Among other protections, an ALF resident has the right to: 

  • Participate freely in community services and activities to achieve the highest possible level of independence, autonomy, and interaction within the community.  651 CMR 12.08(1)(f).  
  • Directly engage licensed or certified health care providers to obtain necessary health care services to the same extent available to persons residing in their own homes; and with other necessary care and service providers, including pharmacy providers.  Any ALF policy statement that sets limits on medication packaging systems must first be approved by EOEA.  651 CMR 12.08(1)(g).  
  • Manage his or her own financial affairs, unless the resident has a court-appointed fiduciary with the authority to manage the resident’s financial affairs.  651 CMR 12.08(1)(h).
  • Present grievances and recommend changes in policies, procedures, and services to the ALF provider, government officials, or any other person without interference, discrimination, or reprisal.  This right includes access to representatives of the Assisted Living Ombudsman program, Elder Protective Services, and the Disabled Persons Protection Commission.  651 CMR 12.08(1)(j).  

4.  Eviction Protection

Assisted living residents are guaranteed the same protections against eviction as are other tenants under Massachusetts landlord-tenant law.  The ALF regulations prohibit a provider from evicting a resident “except in accordance with the provisions of landlord/tenant law as established by [General Laws Chapters 186 and 239] including, but not limited to, an eviction notice and utilization of such court proceedings as are required by law.”  651 CMR 12.08(1)(r). 

ALF providers must inform residents of the community resources available to assist them in the event of an eviction procedure, including the the name, address and telephone number of the Assisted Living Ombudsman Program.  651 CMR 12.08(1)(v). 

Conclusion

 Some Massachusetts ALFs charge $5,000 per month or more for a “basic service package.”  Prospective ALF residents may want to consider seeking the assistance of a financial professional for help in evaluating a provider’s financial strength.  They should also consider consulting with counsel to review  the terms of the admission agreement.  Although the agreements are typically contracts of adhesion, in some instances, residents may be able to negotiate over the contract terms.  At a minimum, a prospective resident needs to be able to make an informed decision before signing an entrance agreement.

Resources – Assisted Living

Assisted Living Consumer Alliance (ALCA) – A national alliance to promote and preserve choice, safety, and legal rights and protections for assisted living consumers.

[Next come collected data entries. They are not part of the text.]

lemma lin_loss_self_bounding:
  assumes w: "w \<in> prob_simplex"
  shows "8 * B / (17 * CARD('m) * 4 powr B) * (norm (grad (\<lambda>v. codelen xk (lin_mix v Pk)) w))\<^sup>2
           \<le> codelen xk (lin_mix w Pk)"
proof -
  define \<epsilon> y where "\<epsilon> = 2 powr - B" and "y = lin_mix w Pk xk"
  note eps = two_powr_neg_bounds[OF B, folded \<epsilon>_def]
  note y = lin_mix_bounds[OF Pk[folded \<epsilon>_def] eps(1) N xk w, folded y_def]
  have "0 < y" using y eps by linarith
  have ln_eps: "ln \<epsilon> = - B * ln 2" unfolding \<epsilon>_def by (simp add: ln_powr)
  have "8 * B / (17 * CARD('m) * 4 powr B) * (norm (grad (\<lambda>v. codelen xk (lin_mix v Pk)) w))\<^sup>2
          \<le> 8 * B / (17 * CARD('m) * 4 powr B) * (CARD('m) * (1 - \<epsilon>)\<^sup>2 / (ln 2 * y)\<^sup>2)"
    using lin_loss_grad_norm[OF Pk[folded \<epsilon>_def] eps(1) N xk w] B
    unfolding y_def by (intro mult_left_mono) auto
  also have "\<dots> = (8 * - ln \<epsilon> * \<epsilon>\<^sup>2 * (1 - \<epsilon>)\<^sup>2 / (17 * (ln 2)\<^sup>2)) / (ln 2 * y\<^sup>2)"
    unfolding ln_eps eps(3) using eps(1) \<open>0 < y\<close> by (simp add: field_simps power2_eq_square)
  also have "\<dots> \<le> y\<^sup>2 * - ln y / (ln 2 * y\<^sup>2)"
    using lin_self_bounding_ineq[OF eps(1,2) y] by (intro divide_right_mono) auto
  also have "\<dots> = codelen xk (lin_mix w Pk)"
    using \<open>0 < y\<close> unfolding y_def by (simp add: codelen_def log_def)
  finally show ?thesis .
qed

lemma lin_loss_grad_bounded:
  assumes w: "w \<in> prob_simplex"
  shows "(norm (grad (\<lambda>v. codelen xk (lin_mix v Pk)) w))\<^sup>2 \<le> CARD('m) * 4 powr B / (ln 2)\<^sup>2"
proof -
  define \<epsilon> y where "\<epsilon> = 2 powr - B" and "y = lin_mix w Pk xk"
  note eps = two_powr_neg_bounds[OF B, folded \<epsilon>_def]
  note y = lin_mix_bounds[OF Pk[folded \<epsilon>_def] eps(1) N xk w, folded y_def]
  have "CARD('m) * (1 - \<epsilon>)\<^sup>2 / (ln 2 * y)\<^sup>2 \<le> CARD('m) * 1 / (ln 2 * \<epsilon>)\<^sup>2"
    using eps y by (intro frac_le mult_left_mono power_mono) (auto simp: power_le_one)
  also have "\<dots> = CARD('m) * 4 powr B / (ln 2)\<^sup>2"
    unfolding eps(3) by (simp add: power_mult_distrib)
  finally show ?thesis
    using lin_loss_grad_norm[OF Pk[folded \<epsilon>_def] eps(1) N xk w] unfolding y_def by linarith
qed

lemma geo_loss_grad_norm_le:
  "(norm (grad (\<lambda>v. codelen xk (geo_mix N v Pk)) w))\<^sup>2 \<le> CARD('m) * B\<^sup>2 * (1 - geo_mix N w Pk xk)\<^sup>2"
  using geo_loss_grad_norm[OF Pk two_powr_neg_bounds(1)[OF B] N xk] by simp

lemma geo_loss_grad_bounded:
  "(norm (grad (\<lambda>v. codelen xk (geo_mix N v Pk)) w))\<^sup>2 \<le> CARD('m) * B\<^sup>2"
proof -
  have "(1 - geo_mix N w Pk xk)\<^sup>2 \<le> 1"
    using geo_mix_pos[OF Pk two_powr_neg_bounds(1)[OF B] N xk xk, of w]
      geo_mix_le_one[OF Pk two_powr_neg_bounds(1)[OF B] N xk xk, of w]
    by (intro power_le_one) auto
  then have "CARD('m) * B\<^sup>2 * (1 - geo_mix N w Pk xk)\<^sup>2 \<le> CARD('m) * B\<^sup>2 * 1"
    by (intro mult_left_mono) auto
  then show ?thesis using geo_loss_grad_norm_le[of w] by linarith
qed

lemma geo_loss_self_bounding:
  "10 / (7 * CARD('m) * B\<^sup>2) * (norm (grad (\<lambda>v. codelen xk (geo_mix N v Pk)) w))\<^sup>2
     \<le> codelen xk (geo_mix N w Pk)"
proof -
  define q where "q = geo_mix N w Pk xk"
  have q: "0 < q" "q \<le> 1"
    using geo_mix_pos[OF Pk two_powr_neg_bounds(1)[OF B] N xk xk]
      geo_mix_le_one[OF Pk two_powr_neg_bounds(1)[OF B] N xk xk]
    unfolding q_def by auto
  have "10 / (7 * CARD('m) * B\<^sup>2) * (norm (grad (\<lambda>v. codelen xk (geo_mix N v Pk)) w))\<^sup>2
          \<le> 10 / (7 * CARD('m) * B\<^sup>2) * (CARD('m) * B\<^sup>2 * (1 - q)\<^sup>2)"
    using geo_loss_grad_norm_le unfolding q_def by (intro mult_left_mono) auto
  also have "\<dots> = 10 / 7 * (1 - q)\<^sup>2" using B by simp
  also have "\<dots> \<le> 10 / 7 * (1 - q)"
    using q mult_left_le[of "1 - q" "1 - q"] by (simp add: power2_eq_square)
  also have "\<dots> \<le> 10 / 7 * - ln q"
    using ln_le_minus_one[of q] q by simp
  also have "\<dots> \<le> 1 / ln 2 * - ln q"
    using ln2_le_25_over_36 q by (intro mult_right_mono) (auto simp: field_simps)
  also have "\<dots> = codelen xk (geo_mix N w Pk)"
    unfolding q_def codelen_def log_def by simp
  finally show ?thesis .
qed

end

lemma mix_loss_lin_mix_axis: "mix_loss lin_mix x P k (axis j 1) = - log 2 (P k j (x k))"
  by (simp add: mix_loss_def codelen_def lin_mix_axis)

context
  fixes N n :: nat and B :: real and x :: "nat \<Rightarrow> nat"
    and P :: "nat \<Rightarrow> 'm::finite \<Rightarrow> nat \<Rightarrow> real" and w1 :: "real^'m"
  assumes N: "1 < N" and B: "1 \<le> B" and X: "\<forall>k\<in>{1..n}. x k \<in> {1..N}"
    and PM: "\<forall>k\<in>{1..n}. prob_matrix N (2 powr - B) (P k)" and w1: "w1 \<in> prob_simplex"
begin

lemma mix_loss_lin_mix_linearization:
  "k \<in> {1..n} \<Longrightarrow> w \<in> prob_simplex \<Longrightarrow>
     mix_loss lin_mix x P k w - mix_loss lin_mix x P k (axis j 1)
       \<le> inner (grad (mix_loss lin_mix x P k) w) (w - axis j 1)"
  using lin_loss_linearization[OF PM[rule_format] two_powr_neg_bounds(1)[OF B] N X[rule_format]]
  by (simp add: mix_loss_def)

lemma mix_loss_geo_mix_axis:
  "k \<in> {1..n} \<Longrightarrow> mix_loss (geo_mix N) x P k (axis j 1) = - log 2 (P k j (x k))"
  using geo_loss_axis[OF PM[rule_format] two_powr_neg_bounds(1)[OF B] N X[rule_format]]
  by (simp add: mix_loss_def)

lemma mix_loss_geo_mix_linearization:
  "k \<in> {1..n} \<Longrightarrow> w \<in> prob_simplex \<Longrightarrow>
     mix_loss (geo_mix N) x P k w - mix_loss (geo_mix N) x P k (axis j 1)
       \<le> inner (grad (mix_loss (geo_mix N) x P k) w) (w - axis j 1)"
  using geo_loss_linearization[OF PM[rule_format] two_powr_neg_bounds(1)[OF B] N X[rule_format]]
  by (simp add: mix_loss_def)

lemma ogd_lin_mix_const_step_size:
  assumes seg: "segmentation n s t"
  shows "ogd_codelen lin_mix prob_simplex w1 (8 * B / (17 * CARD('m) * 4 powr B)) n x P
           \<le> 2 * seg_cost x P s t + 17 * CARD('m) * s * 4 powr B / (4 * B)"
proof -
  let ?\<alpha> = "8 * B / (17 * CARD('m) * 4 powr B)"
  have "0 < ?\<alpha>" using B by simp
  have "ogd_codelen lin_mix prob_simplex w1 ?\<alpha> n x P \<le> 2 * seg_cost x P s t + 2 * real s / ?\<alpha>"
    using lin_loss_self_bounding[OF B PM[rule_format] N X[rule_format]]
    by (intro ogd_regret_self_bounding[OF \<open>0 < ?\<alpha>\<close> w1 mix_loss_lin_mix_axis
          mix_loss_lin_mix_linearization seg]) (auto simp: mix_loss_def)
  also have "2 * real s / ?\<alpha> = 17 * CARD('m) * s * 4 powr B / (4 * B)"
    using B by (simp add: field_simps)
  finally show ?thesis .
qed

lemma ogd_lin_mix_sqrt_step_size:
  assumes seg: "segmentation n s t" and n: "1 \<le> n"
  shows "ogd_codelen lin_mix prob_simplex w1 ((8 * B / sqrt n) / (17 * CARD('m) * 4 powr B)) n x P
           \<le> seg_cost x P s t + 35 * CARD('m) * s * 4 powr B / (4 * B) * sqrt n"
proof -
  let ?\<alpha> = "(8 * B / sqrt n) / (17 * CARD('m) * 4 powr B)" and ?m = "real CARD('m)"
  have "0 < ?\<alpha>" using B n by simp
  have "ogd_codelen lin_mix prob_simplex w1 ?\<alpha> n x P
          \<le> seg_cost x P s t + s / ?\<alpha> + n * ?\<alpha> * (?m * 4 powr B / (ln 2)\<^sup>2) / 2"
    using lin_loss_grad_bounded[OF B PM[rule_format] N X[rule_format]]
    by (intro ogd_regret_bounded_gradient[OF \<open>0 < ?\<alpha>\<close> w1 mix_loss_lin_mix_axis
          mix_loss_lin_mix_linearization seg]) (auto simp: mix_loss_def)
  also have "n * ?\<alpha> * (?m * 4 powr B / (ln 2)\<^sup>2) / 2 = 4 * B * (n / sqrt n) / (17 * (ln 2)\<^sup>2)"
    by (simp add: field_simps)
  also have "\<dots> = 4 * B * sqrt n / (17 * (ln 2)\<^sup>2)"
    by (simp add: real_div_sqrt)
  also have "\<dots> \<le> B * sqrt n / 2"
    using ln2_sq_ge B by (simp add: field_simps mult_left_mono)
  also have "\<dots> \<le> ?m * s * 4 powr B * sqrt n / (2 * B)"
  proof -
    have "1 * 1 \<le> ?m * s" using seg unfolding segmentation_def by (intro mult_mono) auto
    have "B\<^sup>2 \<le> 1 * 4 powr B" using two_powr_neg_bounds(4)[OF B] by simp
    also have "\<dots> \<le> (?m * s) * 4 powr B"
      using \<open>1 * 1 \<le> ?m * s\<close> by (intro mult_right_mono) auto
    finally have "B\<^sup>2 * sqrt n \<le> ?m * s * 4 powr B * sqrt n" by (intro mult_right_mono) auto
    then show ?thesis using B by (simp add: field_simps power2_eq_square)
  qed
  also have "s / ?\<alpha> = 17 * ?m * s * 4 powr B * sqrt n / (8 * B)"
    using B n by (simp add: field_simps)
  finally have "ogd_codelen lin_mix prob_simplex w1 ?\<alpha> n x P
      \<le> seg_cost x P s t + 21 / 8 * (?m * s * 4 powr B * sqrt n / B)"
    by (simp add: field_simps)
  also have "\<dots> \<le> seg_cost x P s t + 35 / 4 * (?m * s * 4 powr B * sqrt n / B)"
    using B by (intro add_left_mono mult_right_mono) auto
  finally show ?thesis by (simp add: field_simps)
qed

ALCA resources include information on choosing a facility, advocacy materials, and information on medication management.  http://www.assistedlivingconsumers.org/

Eric Carlson, Critical Issues in Assisted Living:  Who’s In, Who’s Out, and Who’s Providing the Care (National Senior Citizens’ Law Center 2005) – Available on the ALCA website. 

Massachusetts Executive Office of Elder Affairs (EOEA) – Provides a Consumer Guide to Assisted Living Facilities, a list of ALRs, and other consumer information on its website.  The ALF Ombudsman program is headed by Donna Bucca.  617-727-7750.

Emily Starr, Assisted Living, Estate Planning for the Aged or Incapacitated Client in Massachusetts, Chapter 22 (MCLE 2009).